(* Let $G_0^*$ be a $k$-uniform hypergraph on $n$ vertices and let $\{U_1,\dots,U_t\}$ be a partition of its vertex set into $t$ sets of size $p$ (so $n=pt$). Order the vertices of $G_0^*$ so that $U_i$ consists of the $((i-1)p+1)$-th through the $(ip)$-th vertices, and compute $A(G_0^* )$ in this order. For $i=1,\dots,t$ let $G_i^*$ be a $(k,r)$-regular hypergraph on $m\ge 2$ vertices (the same $k$, $r$, $m$ for all $i$). Put $$a=\begin{cases} p\left(\binom{p+m-2}{k-2}-\binom{p-2}{k-2}\right) & \text{if } p\ge 2,\\ 0 & \text{if } p=1,\end{cases}\qquad b=\binom{p+m-2}{k-2},\qquad c=\binom{p+m-2}{k-2}-\binom{m-2}{k-2},$$ and $Y_i=A(G_i^* )+c(J_m-I_m)$. Let $G^*=G_0^*\odot_p^t G_i^*$ be the generalized corona. Then for every real $\lambda$ such that $Y_i-\lambda I_m$ is invertible for all $i=1,\dots,t$, $$P_{A(G^* )}(\lambda)=\Big(\prod_{i=1}^t \det(Y_i-\lambda I_m)\Big)^p\,\det\!\Big(A(G_0^* )+I_t\otimes\Big(\big(a-\tfrac{b^2pm}{r(k-1)+c(m-1)-\lambda}\big)J_p-(a+\lambda)I_p\Big)\Big).$$
   Context: All hypergraphs are finite and simple: a hypergraph $G^*=(V,E)$ consists of a finite vertex set $V$ and a set $E$ of subsets of $V$ (hyperedges), each of size at least $2$. It is $k$-uniform if every hyperedge has exactly $k$ elements, and $(k,r)$-regular if it is $k$-uniform and every vertex lies in exactly $r$ hyperedges. For a hypergraph with vertices $v_1,\dots,v_n$, the adjacency matrix $A(G^* )$ is the $n\times n$ matrix whose $(i,j)$ entry, for $i\ne j$, is the number of hyperedges containing both $v_i$ and $v_j$, and whose diagonal entries are $0$. $J_n$ (resp. $J_{a,b}$) is the all-ones $n\times n$ (resp. $a\times b$) matrix, $I_n$ the identity matrix, $\otimes$ the Kronecker product. For a square matrix $M$, $P_M(\lambda)=\det(M-\lambda I)$. Binomial coefficients $\binom{x}{y}$ with integers $x\ge 0$ and $y$ are $0$ when $y<0$ or $y>x$. Generalized corona: let $G_0^*$ be a $k$-uniform hypergraph with vertex set $V_0$, $\{U_1,\dots,U_t\}$ a partition of $V_0$ with $|U_i|=p$, and $G_1^*,\dots,G_t^*$ $k$-uniform hypergraphs. The generalized corona $G_0^*\odot_p^t G_i^*$ is the $k$-uniform hypergraph obtained as follows: for each $i$ take $p$ copies $G_i^{*(1)},\dots,G_i^{*(p)}$ of $G_i^*$, all copies pairwise vertex-disjoint and disjoint from $V_0$. The vertex set is $V_0$ together with the vertices of all copies; the hyperedges are the hyperedges of $G_0^*$, the hyperedges of every copy, and, for every $i\in\{1,\dots,t\}$ and $j\in\{1,\dots,p\}$, every $k$-element subset of $U_i\cup V(G_i^{*(j)})$ that meets both $U_i$ and $V(G_i^{*(j)})$. *)

theory Defs
  imports "Jordan_Normal_Form.Determinant" "Jordan_Normal_Form.Matrix"
begin

definition hypergraph :: "'a set \<Rightarrow> 'a set set \<Rightarrow> bool" where
  "hypergraph V E \<longleftrightarrow> finite V \<and> (\<forall>e\<in>E. e \<subseteq> V \<and> card e \<ge> 2)"

definition k_uniform :: "'a set \<Rightarrow> 'a set set \<Rightarrow> nat \<Rightarrow> bool" where
  "k_uniform V E k \<longleftrightarrow> hypergraph V E \<and> (\<forall>e\<in>E. card e = k)"

definition kr_regular :: "'a set \<Rightarrow> 'a set set \<Rightarrow> nat \<Rightarrow> nat \<Rightarrow> bool" where
  "kr_regular V E k r \<longleftrightarrow> k_uniform V E k \<and> (\<forall>v\<in>V. card {e\<in>E. v \<in> e} = r)"

definition adj_mat :: "nat \<Rightarrow> nat set set \<Rightarrow> real mat" where
  "adj_mat N E = mat N N (\<lambda>(i,j). if i = j then 0 else real (card {e\<in>E. i \<in> e \<and> j \<in> e}))"

definition char_val :: "real mat \<Rightarrow> real \<Rightarrow> real" where
  "char_val M lam = det (M - lam \<cdot>\<^sub>m 1\<^sub>m (dim_row M))"

definition J_mat :: "nat \<Rightarrow> real mat" where
  "J_mat n = mat n n (\<lambda>_. 1)"

definition kron :: "real mat \<Rightarrow> real mat \<Rightarrow> real mat" where
  "kron A B = mat (dim_row A * dim_row B) (dim_col A * dim_col B)
     (\<lambda>(i,j). A $$ (i div dim_row B, j div dim_col B) * B $$ (i mod dim_row B, j mod dim_col B))"

definition binom :: "nat \<Rightarrow> int \<Rightarrow> nat" where
  "binom x y = (if y < 0 then 0 else x choose (nat y))"

(* Generalized corona G_0 \<odot>_p^t G_i, with concrete vertex labels:
   G_0 has vertices 0..<p*t, U_i = {i*p ..< (i+1)*p} (i < t);
   G_i (i < t) has vertices 0..<m;
   vertex v of copy j (j < p) of G_i is labelled p*t + (i*p + j)*m + v. *)
definition part_U :: "nat \<Rightarrow> nat \<Rightarrow> nat set" where
  "part_U p i = {i*p ..< (i+1)*p}"

definition copy_vtx :: "nat \<Rightarrow> nat \<Rightarrow> nat \<Rightarrow> nat \<Rightarrow> nat \<Rightarrow> nat \<Rightarrow> nat" where
  "copy_vtx p t m i j v = p*t + (i*p + j)*m + v"

definition copy_W :: "nat \<Rightarrow> nat \<Rightarrow> nat \<Rightarrow> nat \<Rightarrow> nat \<Rightarrow> nat set" where
  "copy_W p t m i j = copy_vtx p t m i j ` {0..<m}"

definition corona_edges ::
  "nat \<Rightarrow> nat \<Rightarrow> nat \<Rightarrow> nat \<Rightarrow> nat set set \<Rightarrow> (nat \<Rightarrow> nat set set) \<Rightarrow> nat set set" where
  "corona_edges k p t m E0 Gs =
     E0
     \<union> (\<Union>i<t. \<Union>j<p. (\<lambda>e. copy_vtx p t m i j ` e) ` Gs i)
     \<union> (\<Union>i<t. \<Union>j<p. {S. S \<subseteq> part_U p i \<union> copy_W p t m i j \<and> card S = k
                           \<and> S \<inter> part_U p i \<noteq> {} \<and> S \<inter> copy_W p t m i j \<noteq> {}})"

definition corona_size :: "nat \<Rightarrow> nat \<Rightarrow> nat \<Rightarrow> nat" where
  "corona_size p t m = p*t + t*p*m"

end

theory Submission
  imports Defs
begin

(*
  List the vertices of the corona as V(G_0) followed by the copies, and let A be its adjacency
  matrix.  Each entry of A counts k-subsets through two vertices x, y: those that lie in
  U_i \<union> W (W a copy) and meet both parts number binom(p+m-2, k-2), minus binom(p-2, k-2)
  if x, y \<in> U_i and minus binom(m-2, k-2) if x, y \<in> W.  Hence

    A - \<lambda>I = [[A(G_0) + a I_t\<otimes>(J_p - I_p) - \<lambda>I, B], [B^T, Q]],

  where B has entry b between U_i and each copy of G_i, and Q is block diagonal with p blocks
  Y_i - \<lambda>I for each i.  All rows of Y_i - \<lambda>I sum to s - \<lambda> with s = r(k-1) + c(m-1), which
  is nonzero since otherwise the all-ones vector lies in the kernel of an invertible matrix.
  The rows of B^T are constant on each copy, so X = B^T/(s - \<lambda>) solves Q X = B^T, and the
  Schur complement formula det = det Q * det(P - B X), with B B^T = p m b^2 I_t\<otimes>J_p, finishes.
*)

section \<open>Block matrices\<close>

lemma div_eq_iff_mult_bounds:
  fixes x m q :: nat
  assumes "0 < m"
  shows "x div m = q \<longleftrightarrow> q * m \<le> x \<and> x < q * m + m"
proof
  assume "x div m = q"
  then show "q * m \<le> x \<and> x < q * m + m"
    using assms div_times_less_eq_dividend[of x m] dividend_less_div_times[of m x] by auto
qed (auto intro: div_nat_eqI simp: mult.commute)

lemma prod_lessThan_mult_div:
  fixes f :: "nat \<Rightarrow> 'a :: comm_semiring_1"
  shows "(\<Prod>q<n * k. f (q div k)) = (\<Prod>i<n. f i) ^ k"
proof (cases "k = 0")
  case False
  have "(\<Prod>q<n * k. f (q div k)) = (\<Prod>i<n. \<Prod>q\<in>{i * k..<i * k + k}. f (q div k))"
    by (rule prod.nat_group[symmetric])
  also have "\<dots> = (\<Prod>i<n. f i ^ k)"
  proof (rule prod.cong[OF refl])
    fix i
    have "q div k = i" if "q \<in> {i * k..<i * k + k}" for q
      using that False div_eq_iff_mult_bounds[of k q i] by simp
    then have "(\<Prod>q\<in>{i * k..<i * k + k}. f (q div k)) = (\<Prod>q\<in>{i * k..<i * k + k}. f i)"
      by (intro prod.cong) auto
    then show "(\<Prod>q\<in>{i * k..<i * k + k}. f (q div k)) = f i ^ k" by simp
  qed
  finally show ?thesis by (simp add: prod_power_distrib)
qed simp

lemma sum_lessThan_mult_block:
  fixes g :: "nat \<Rightarrow> 'a :: comm_monoid_add"
  assumes "q < n" and "0 < m"
  shows "(\<Sum>z<n * m. if z div m = q then g (z mod m) else 0) = (\<Sum>w<m. g w)"
proof -
  have "{z \<in> {..<n * m}. z div m = q} = {0 + q * m..<m + q * m}"
  proof -
    have "q * m + m \<le> n * m" using assms(1) by (metis Suc_leI add.commute mult_Suc mult_le_mono1)
    then show ?thesis using div_eq_iff_mult_bounds[OF assms(2)] by auto
  qed
  then have "(\<Sum>z<n * m. if z div m = q then g (z mod m) else 0) = (\<Sum>z\<in>{0 + q * m..<m + q * m}. g (z mod m))"
    by (simp add: sum.inter_filter[symmetric])
  also have "\<dots> = (\<Sum>w\<in>{0..<m}. g ((w + q * m) mod m))"
    by (rule sum.shift_bounds_nat_ivl)
  finally show ?thesis by (simp add: atLeast0LessThan)
qed

lemma index_mult_mat_sum:
  assumes "A \<in> carrier_mat nr n" "B \<in> carrier_mat n nc" "i < nr" "j < nc"
  shows "(A * B) $$ (i, j) = (\<Sum>z<n. A $$ (i, z) * B $$ (z, j))"
  using assms by (simp add: scalar_prod_def atLeast0LessThan)
(* Let $f:[0,1]\to[0,1]$ be a surjective continuous function. If $f$ admits a splitting sequence, then there exist a nondegenerate continuum $C\subseteq\varprojlim f$ and a sequence $(C_n)_{n\in\mathbb N}$ of nondegenerate continua $C_n\subseteq\varprojlim f$ with $C_n\neq C$ for all $n$, such that $C_n\to C$ in the Hausdorff metric.
   Context: $\varprojlim f=\{\mathbf x=(x_0,x_1,\dots)\in[0,1]^{\mathbb N}: f(x_{n+1})=x_n\ \forall n\}$ with the topology inherited from the product topology (a compact metric space; the Hausdorff metric is taken with respect to a compatible metric). A sequence $(T_n)_{n\in\mathbb N}$ of closed intervals $T_n\subsetneq[0,1]$ (possibly degenerate) is tight if $f(T_{n+1})=T_n$ for every $n$ and $T_n$ is nondegenerate for all sufficiently large $n$. A tight sequence $(T_n)$, $T_n=[l_n,r_n]$, is a splitting sequence admitted by $f$ if there are an infinite set $N\subseteq\mathbb N$ and nondegenerate closed intervals $S_n\subseteq[0,1]$ ($n\in N$) with $S_n\cap T_n\subseteq\{l_n,r_n\}$ and $f(S_n)=f(T_n)$ for all $n\in N$. *)

theory Defs
  imports "HOL-Analysis.Analysis"
begin

text \<open>The inverse limit of f on [0,1], as a subset of nat => real, which carries the
product topology (Function_Topology) and a compatible metric (Function_Metric).\<close>
definition inv_lim :: "(real \<Rightarrow> real) \<Rightarrow> (nat \<Rightarrow> real) set" where
  "inv_lim f = {x. (\<forall>n. x n \<in> {0..1}) \<and> (\<forall>n. f (x (Suc n)) = x n)}"

definition tight_seq :: "(real \<Rightarrow> real) \<Rightarrow> (nat \<Rightarrow> real) \<Rightarrow> (nat \<Rightarrow> real) \<Rightarrow> bool" where
  "tight_seq f l r \<longleftrightarrow>
     (\<forall>n. 0 \<le> l n \<and> l n \<le> r n \<and> r n \<le> 1 \<and> {l n..r n} \<noteq> {0..1}) \<and>
     (\<forall>n. f ` {l (Suc n)..r (Suc n)} = {l n..r n}) \<and>
     (\<exists>N. \<forall>n\<ge>N. l n < r n)"

definition splitting_seq :: "(real \<Rightarrow> real) \<Rightarrow> (nat \<Rightarrow> real) \<Rightarrow> (nat \<Rightarrow> real) \<Rightarrow> bool" where
  "splitting_seq f l r \<longleftrightarrow> tight_seq f l r \<and>
     (\<exists>N :: nat set. infinite N \<and> (\<exists>a b :: nat \<Rightarrow> real. \<forall>n\<in>N.
        0 \<le> a n \<and> a n < b n \<and> b n \<le> 1 \<and>
        {a n..b n} \<inter> {l n..r n} \<subseteq> {l n, r n} \<and>
        f ` {a n..b n} = f ` {l n..r n}))"

definition admits_splitting :: "(real \<Rightarrow> real) \<Rightarrow> bool" where
  "admits_splitting f \<longleftrightarrow> (\<exists>l r. splitting_seq f l r)"

definition continuum :: "'a::topological_space set \<Rightarrow> bool" where
  "continuum C \<longleftrightarrow> C \<noteq> {} \<and> compact C \<and> connected C"

definition nondegenerate :: "'a set \<Rightarrow> bool" where
  "nondegenerate C \<longleftrightarrow> (\<exists>x\<in>C. \<exists>y\<in>C. x \<noteq> y)"

definition hausdist :: "'a::metric_space set \<Rightarrow> 'a set \<Rightarrow> real" where
  "hausdist S T =
    (if S \<noteq> {} \<and> T \<noteq> {} \<and> bounded S \<and> bounded T
     then max (SUP x\<in>S. infdist x T) (SUP y\<in>T. infdist y S) else 0)"

end

theory Submission
  imports Defs
begin

(*
  The tight sequence T_n = [l n, r n] cuts out the subcontinuum C of those threads x with
  x n in T_n for all n. For infinitely many n the splitting interval S_n satisfies
  f(S_n) = f(T_n) = T_(n-1), so T_0, ..., T_(n-1), S_n, followed by successive preimage
  intervals of S_n (they exist because f is a continuous surjection of [0,1]), is again a
  chain of intervals. It cuts out a continuum C_n whose threads have exactly the same
  initial segments of length n as those of C, so C_n -> C in the Hausdorff metric of the
  product metric; and C_n differs from C because S_n reaches outside T_n.
  The set cut out by a chain is a continuum since it is the decreasing intersection of the
  sets of points of the product of the intervals satisfying the thread condition below m,
  and each of these is a continuous image of that product.
*)

lemma decseq_compact_subset_open:
  fixes K :: "nat \<Rightarrow> 'a::t2_space set"
  assumes compact: "\<And>n. compact (K n)" and dec: "decseq K"
    and "open W" and Inter_sub: "\<Inter>(range K) \<subseteq> W"
  obtains n where "K n \<subseteq> W"
proof -
  have "K 0 \<inter> (\<Inter>n. K n - W) = {}"
    using Inter_sub by blast
  then obtain F where "finite F" and F: "K 0 \<inter> (\<Inter>i\<in>F. K i - W) = {}"
    using compact_imp_fip_image[OF compact, of UNIV "\<lambda>n. K n - W"]
    by (meson \<open>open W\<close> closed_Diff compact compact_imp_closed)
  define n where "n = Max (insert 0 F)"
  have "K n \<subseteq> K i" if "i \<in> insert 0 F" for i
    using decseqD[OF dec, of i n] \<open>finite F\<close> that by (simp add: n_def)
  with F have "K n \<subseteq> W"
    by blast
  then show thesis ..
qed

lemma connected_nest_metric:
  fixes K :: "nat \<Rightarrow> 'a::metric_space set"
  assumes compact: "\<And>n. compact (K n)" and connected: "\<And>n. connected (K n)"
    and dec: "decseq K"
  shows "connected (\<Inter>(range K))"
proof -
  have closed: "closed (\<Inter>(range K))"
    using compact compact_imp_closed by blast
  show ?thesis
    unfolding connected_closed_set[OF closed]
  proof (intro notI, elim exE conjE)
    fix A B
    assume "closed A" "closed B" "A \<noteq> {}" "B \<noteq> {}"
      and AB: "A \<union> B = \<Inter>(range K)" "A \<inter> B = {}"
    obtain U V where "open U" "open V" "A \<subseteq> U" "B \<subseteq> V" "U \<inter> V = {}"
      using metrizable_imp_normal_space[OF metrizable_space_euclidean]
        \<open>closed A\<close> \<open>closed B\<close> \<open>A \<inter> B = {}\<close>
      unfolding normal_space_def by (metis closed_closedin disjnt_def open_openin)
    moreover obtain n where Kn: "K n \<subseteq> U \<union> V"
      using decseq_compact_subset_open[OF compact dec, of "U \<union> V"]
        \<open>open U\<close> \<open>open V\<close> \<open>A \<subseteq> U\<close> \<open>B \<subseteq> V\<close> AB(1) by blast
    moreover have "U \<inter> K n \<noteq> {}" "V \<inter> K n \<noteq> {}"
      using \<open>A \<noteq> {}\<close> \<open>B \<noteq> {}\<close> \<open>A \<subseteq> U\<close> \<open>B \<subseteq> V\<close> AB(1) by blast+
    ultimately show False
      using connectedD[OF connected \<open>open U\<close> \<open>open V\<close>] by blast
  qed
qed

lemma compact_PiE_UNIV: "(\<And>i. compact (S i)) \<Longrightarrow> compact (PiE UNIV S)"
  using compactin_PiE[of "\<lambda>_. euclidean" UNIV S] by (simp add: euclidean_product_topology)

lemma connected_PiE_UNIV: "(\<And>i. connected (S i)) \<Longrightarrow> connected (PiE UNIV S)"
  using connectedin_PiE[of "\<lambda>_. euclidean" UNIV S] by (simp add: euclidean_product_topology)

lemma continuous_on_funpow:
  assumes "continuous_on S f" and "f ` S \<subseteq> S"
  shows "continuous_on S (f ^^ n)"
proof (induction n)
  case (Suc n)
  then show ?case
    using continuous_on_compose[OF assms(1) continuous_on_subset[OF Suc]] assms(2)
    by (simp add: funpow_Suc_right del: funpow.simps)
qed (simp add: continuous_on_id)

(* The product metric of Function_Metric weights the coordinate from_nat n by (1/2)^n. *)
lemma dist_fun_less_if_agree:
  fixes e :: real
  assumes "0 < e"
  obtains F :: "'i::countable set" where "finite F"
    and "\<And>x y :: 'i \<Rightarrow> 'a::metric_space. (\<And>k. k \<in> F \<Longrightarrow> x k = y k) \<Longrightarrow> dist x y < e"
proof -
  obtain N where N: "(1/2) ^ N < e"
    using real_arch_pow_inv[OF assms, of "1/2"] by auto
  show thesis
  proof (rule that)
    show "finite (from_nat ` {..N} :: 'i set)"
      by simp
    fix x y :: "'i \<Rightarrow> 'a"
    assume agree: "\<And>k. k \<in> from_nat ` {..N} \<Longrightarrow> x k = y k"
    have "x (from_nat n) = y (from_nat n)" if "n \<le> N" for n
      using agree that by simp
    then have "{dist (x (from_nat n)) (y (from_nat n)) |n. n \<le> N} = {0}"
      by (auto intro!: exI[of _ 0])
    then show "dist x y < e"
      using dist_fun_le_dist_first_terms[of x y N] N by simp
  qed
qed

_EXERCISE DESCRIPTION_
The word "minus" may appear in several lines of the data; copy every line where it does.

_ANSWER TO THIS PROBLEM_
  U_i \<union> W (W a copy) and meet both parts number binom(p+m-2, k-2), minus binom(p-2, k-2)
  if x, y \<in> U_i and minus binom(m-2, k-2) if x, y \<in> W.  Hence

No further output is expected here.